▶ _EXERCISE_:
Wherever a line of the listing holds the string "close", copy that line.

▶ _INPUT DATA_:
lemma thresholded_support:
  fixes a :: "'p::finite \<Rightarrow> real"
  assumes lam: "0 < lam" and small: "real (N + 1) * lam < 2 * b" and a_nonneg: "\<And>p. 0 \<le> a p"
    and total: "(\<Sum>p\<in>UNIV. scalar_min lam (a p)) \<le> lam * N"
    and large: "N \<le> card {p. b \<le> a p}"
  shows "{p. lam/2 < a p} = {p. b \<le> a p}" and "card {p. b \<le> a p} = N"
proof -
  define S B where "S = {p. lam/2 < a p}" and "B = {p. b \<le> a p}"
  have "lam \<le> real (N + 1) * lam" using lam by simp
  then have "lam < 2 * b" using small by linarith
  then have BS: "B \<subseteq> S" unfolding S_def B_def by auto
  obtain B' where B': "B' \<subseteq> B" "card B' = N"
    using obtain_subset_with_card_n[OF large] unfolding B_def by blast
  have "S \<subseteq> B'"
  proof
    fix p0 assume "p0 \<in> S"
    show "p0 \<in> B'"
    proof (rule ccontr)
      assume "p0 \<notin> B'"
      \<comment> \<open>the \<open>N\<close> values in \<open>B'\<close> already cost almost \<open>lam * N\<close>, and \<open>p0\<close> costs at least \<open>lam/2\<close>\<close>
      have "real N * scalar_min lam b \<le> (\<Sum>p\<in>B'. scalar_min lam (a p))"
        using sum_bounded_below[of B' "scalar_min lam b"] B' scalar_min_mono[OF lam]
        unfolding B_def by (simp add: subset_iff)
      moreover have "lam/2 \<le> scalar_min lam (a p0)"
        using \<open>p0 \<in> S\<close> scalar_min_ge_half[OF lam] unfolding S_def by simp
      moreover have "(\<Sum>p\<in>insert p0 B'. scalar_min lam (a p)) \<le> (\<Sum>p\<in>UNIV. scalar_min lam (a p))"
        by (intro sum_mono2 scalar_min_nonneg lam a_nonneg) auto
      ultimately have "real N * scalar_min lam b + lam/2 \<le> lam * N"
        using total \<open>p0 \<notin> B'\<close> by (simp add: finite_subset[OF subset_UNIV])
      moreover have "scalar_min lam b = lam - lam^2/(4*b)"
        using \<open>lam < 2 * b\<close> by (simp add: scalar_min_def)
      ultimately have "lam/2 \<le> real N * lam^2 / (4 * b)"
        by (simp add: algebra_simps)
      then have "lam/2 * (4 * b) \<le> real N * lam^2"
        using \<open>lam < 2 * b\<close> lam by (simp add: le_divide_eq)
      then have "2 * b \<le> real N * lam"
        using lam by (simp add: power2_eq_square algebra_simps)
      then show False using small lam by (simp add: algebra_simps)
    qed
  qed
  then have "S = B" "B = B'" using BS B' by auto
  then show "{p. lam/2 < a p} = {p. b \<le> a p}" "card {p. b \<le> a p} = N"
    using B' unfolding S_def B_def by auto
qed
lemma inverse_lattice_sq_norm_power_le:
  assumes "(m, n) \<noteq> (0, 0)" and "2 \<le> k"
  shows "1 / lattice_sq_norm (m, n) ^ k \<le> 3 * (1 / (1 + of_int m ^ 2) * (1 / (1 + of_int n ^ 2)))"
proof -
  define a :: real where "a = of_int m ^ 2"
  define b :: real where "b = of_int n ^ 2"
  have ab: "0 \<le> a" "0 \<le> b" "1 \<le> a + b"
    using lattice_sq_norm_ge_1[OF assms(1)] by (auto simp: a_def b_def lattice_sq_norm_def)
  have "a * b \<le> (a + b) ^ 2"
    using ab by (simp add: power2_eq_square algebra_simps)
  moreover have "a + b \<le> (a + b) ^ 2"
    using ab(3) by (simp add: power2_eq_square)
  moreover have "1 \<le> (a + b) ^ 2"
    using ab(3) by (simp add: one_le_power)
  moreover have "(1 + a) * (1 + b) = 1 + (a + b) + a * b"
    by (simp add: algebra_simps)
  ultimately have "(1 + a) * (1 + b) \<le> 3 * (a + b) ^ 2"
    by linarith
  also have "\<dots> \<le> 3 * (a + b) ^ k"
    using ab assms(2) by (simp add: power_increasing)
  finally have "(1 + a) * (1 + b) \<le> 3 * (a + b) ^ k" .
  then have "3 / (3 * (a + b) ^ k) \<le> 3 / ((1 + a) * (1 + b))"
    using ab by (intro divide_left_mono) auto
  then show ?thesis
    by (simp add: a_def b_def lattice_sq_norm_def)
qed

lemma summable_on_inverse_lattice_sq_norm_power:
  assumes "2 \<le> k"
  shows "(\<lambda>z. 1 / lattice_sq_norm z ^ k) summable_on UNIV - {(0, 0)}"
proof -
  define g :: "int \<Rightarrow> real" where "g m = 1 / (1 + of_int m ^ 2)" for m
  have g_nonneg: "0 \<le> g m" for m
    by (simp add: g_def)
  have g: "g summable_on UNIV"
    unfolding g_def by (rule summable_on_inverse_one_plus_square)
  have "(\<lambda>(m, n). g m * g n) summable_on Sigma UNIV (\<lambda>_. UNIV)"
    using g by (intro summable_on_SigmaI[where g = "\<lambda>m. g m * infsum g UNIV"])
      (auto intro!: has_sum_cmult_right summable_on_cmult_left mult_nonneg_nonneg g_nonneg)
  then have "(\<lambda>z. 3 * (case z of (m, n) \<Rightarrow> g m * g n)) summable_on UNIV"
    by (intro summable_on_cmult_right) simp
  then have "(\<lambda>z. 3 * (case z of (m, n) \<Rightarrow> g m * g n)) summable_on UNIV - {(0, 0)}"
    by (rule summable_on_subset_banach) simp
  then show ?thesis
  proof (rule summable_on_comparison_test)
    show "1 / lattice_sq_norm z ^ k \<le> 3 * (case z of (m, n) \<Rightarrow> g m * g n)"
      if "z \<in> UNIV - {(0, 0)}" for z
      using that assms inverse_lattice_sq_norm_power_le[of "fst z" "snd z" k]
      by (simp add: g_def case_prod_unfold)
    show "0 \<le> 1 / lattice_sq_norm z ^ k" if "z \<in> UNIV - {(0, 0)}" for z
    proof -
      have "0 \<le> lattice_sq_norm z"
        using that lattice_sq_norm_ge_1[of z] by simp
      then show ?thesis by simp
    qed
  qed
qed

lemma has_sum_zeta_Z2_even:
  assumes "2 \<le> k"
  shows "((\<lambda>z. 1 / lattice_sq_norm z ^ k) has_sum zeta_Z2 (2 * real k)) (UNIV - {(0, 0)})"
proof -
  have "zeta_Z2 (2 * real k) = infsum (\<lambda>z. 1 / lattice_sq_norm z ^ k) (UNIV - {(0, 0)})"
    unfolding zeta_Z2_def
  proof (rule infsum_cong)
    fix z :: "int \<times> int" assume "z \<in> UNIV - {(0, 0)}"
    then have "0 < lattice_sq_norm z"
      using lattice_sq_norm_ge_1[of z] by simp
    then have "lattice_sq_norm z powr (- real k) = 1 / lattice_sq_norm z ^ k"
      by (simp only: powr_minus_divide powr_realpow)
    then show "(case z of (m, n) \<Rightarrow> (of_int m ^ 2 + of_int n ^ 2) powr (- (2 * real k) / 2)) =
        1 / lattice_sq_norm z ^ k"
      by (simp add: lattice_sq_norm_def case_prod_unfold)
  qed
  then show ?thesis
    using summable_on_inverse_lattice_sq_norm_power[OF assms] by simp
qed
(* Let $k\geq 4$ and $j\geq k+2$ be integers. Then $$j+\Big\lfloor\frac{j-1}{k+1}\Big\rfloor\leq R_k^{\mathcal{CA}}(k+3,j)\leq j-1+\Big\lceil\frac{j-1}{k}\Big\rceil,$$ where $\mathcal{CA}$ is the class of cacti.
   Context: All graphs are finite and simple. For a graph $G$ and a nonnegative integer $k$, a $k$-sparse $j$-set is a set of $j$ vertices of $G$ inducing a subgraph of maximum degree at most $k$; a $k$-dense $i$-set is a set of $i$ vertices of $G$ that is $k$-sparse in the complement of $G$. For a graph class $\mathcal{G}$, $R_k^{\mathcal{G}}(i,j)$ is the smallest natural number $n$ such that every graph on $n$ vertices in $\mathcal{G}$ has either a $k$-dense $i$-set or a $k$-sparse $j$-set. A cactus is a graph (not necessarily connected) in which every block is a cycle, a single edge, or a single vertex. *)

theory Defs
  imports Complex_Main
begin

definition simple_graph :: "'a set \<Rightarrow> 'a set set \<Rightarrow> bool" where
  "simple_graph V E \<longleftrightarrow> finite V \<and>
     E \<subseteq> {e. \<exists>u v. u \<in> V \<and> v \<in> V \<and> u \<noteq> v \<and> e = {u, v}}"

definition adj_rel :: "'a set set \<Rightarrow> ('a \<times> 'a) set" where
  "adj_rel E = {(u, v). {u, v} \<in> E \<and> u \<noteq> v}"

(* connected (the empty graph counts as connected) *)
definition connected_graph :: "'a set \<Rightarrow> 'a set set \<Rightarrow> bool" where
  "connected_graph W F \<longleftrightarrow> (\<forall>u\<in>W. \<forall>v\<in>W. (u, v) \<in> (adj_rel F)\<^sup>*)"

definition subgraph :: "'a set \<Rightarrow> 'a set set \<Rightarrow> 'a set \<Rightarrow> 'a set set \<Rightarrow> bool" where
  "subgraph W F V E \<longleftrightarrow> W \<subseteq> V \<and> F \<subseteq> E \<and> (\<forall>e\<in>F. e \<subseteq> W)"

definition nonseparable :: "'a set \<Rightarrow> 'a set set \<Rightarrow> bool" where
  "nonseparable W F \<longleftrightarrow> W \<noteq> {} \<and> connected_graph W F \<and>
     (\<forall>v\<in>W. connected_graph (W - {v}) {e \<in> F. v \<notin> e})"

definition is_block :: "'a set \<Rightarrow> 'a set set \<Rightarrow> 'a set \<Rightarrow> 'a set set \<Rightarrow> bool" where
  "is_block V E W F \<longleftrightarrow> subgraph W F V E \<and> nonseparable W F \<and>
     (\<forall>W' F'. subgraph W' F' V E \<and> nonseparable W' F' \<and> W \<subseteq> W' \<and> F \<subseteq> F'
        \<longrightarrow> W' = W \<and> F' = F)"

▶ _TASK RESULT_:
      \<comment> \<open>the \<open>N\<close> values in \<open>B'\<close> already cost almost \<open>lam * N\<close>, and \<open>p0\<close> costs at least \<open>lam/2\<close>\<close>
        using \<open>p0 \<in> S\<close> scalar_min_ge_half[OF lam] unfolding S_def by simp
        using total \<open>p0 \<notin> B'\<close> by (simp add: finite_subset[OF subset_UNIV])
        using \<open>lam < 2 * b\<close> by (simp add: scalar_min_def)
        using \<open>lam < 2 * b\<close> lam by (simp add: le_divide_eq)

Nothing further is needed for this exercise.